**WORK ITEM**: Below are some entries. Copy each line that holds the string "unfolding".

**PROVIDED RECORDS**:

lemma distinct_arc_path:
  assumes "acyclic A" "arc_path A \<gamma>"
  shows "distinct \<gamma>"
proof -
  have "\<gamma> ! i \<noteq> \<gamma> ! j" if "i < j" "j < length \<gamma>" for i j
    using arc_path_nth_trancl[OF assms(2) that] assms(1) unfolding acyclic_def by auto
  then show ?thesis unfolding distinct_conv_nth by (metis linorder_neq_iff)
qed

lemma set_arc_path_subset:
  assumes "A \<subseteq> V \<times> V" "hd \<gamma> \<in> V" "arc_path A \<gamma>"
  shows "set \<gamma> \<subseteq> V"
proof
  fix x assume "x \<in> set \<gamma>"
  then obtain i where i: "i < length \<gamma>" "\<gamma> ! i = x" by (auto simp: in_set_conv_nth)
  show "x \<in> V"
  proof (cases i)
    case 0
    then show ?thesis using i assms(2,3) by (simp add: arc_path_def hd_conv_nth)
  next
    case (Suc k)
    then have "(\<gamma> ! k, \<gamma> ! i) \<in> A" using assms(3) i unfolding arc_path_def by auto
    then show ?thesis using assms(1) i by auto
  qed
qed

text \<open>In an acyclic graph arc paths are distinct lists, so they have length at most the
  number of vertices.\<close>
lemma finite_arc_paths:
  assumes "finite V" "A \<subseteq> V \<times> V" "acyclic A"
  shows "finite {\<gamma>. arc_path A \<gamma> \<and> hd \<gamma> \<in> V}"
proof (rule finite_subset[OF _ finite_lists_length_le[OF assms(1), of "card V"]])
  show "{\<gamma>. arc_path A \<gamma> \<and> hd \<gamma> \<in> V} \<subseteq> {xs. set xs \<subseteq> V \<and> length xs \<le> card V}"
  proof
    fix \<gamma> assume "\<gamma> \<in> {\<gamma>. arc_path A \<gamma> \<and> hd \<gamma> \<in> V}"
    then have \<gamma>: "arc_path A \<gamma>" "hd \<gamma> \<in> V" by auto
    have set_\<gamma>: "set \<gamma> \<subseteq> V" using set_arc_path_subset[OF assms(2) \<gamma>(2,1)] .
    have "length \<gamma> = card (set \<gamma>)"
      using distinct_arc_path[OF assms(3) \<gamma>(1)] by (simp add: distinct_card)
    also have "\<dots> \<le> card V" using set_\<gamma> assms(1) by (simp add: card_mono)
    finally show "\<gamma> \<in> {xs. set xs \<subseteq> V \<and> length xs \<le> card V}" using set_\<gamma> by simp
  qed
qed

**EXERCISE ANSWER**:
    using arc_path_nth_trancl[OF assms(2) that] assms(1) unfolding acyclic_def by auto
  then show ?thesis unfolding distinct_conv_nth by (metis linorder_neq_iff)
    then have "(\<gamma> ! k, \<gamma> ! i) \<in> A" using assms(3) i unfolding arc_path_def by auto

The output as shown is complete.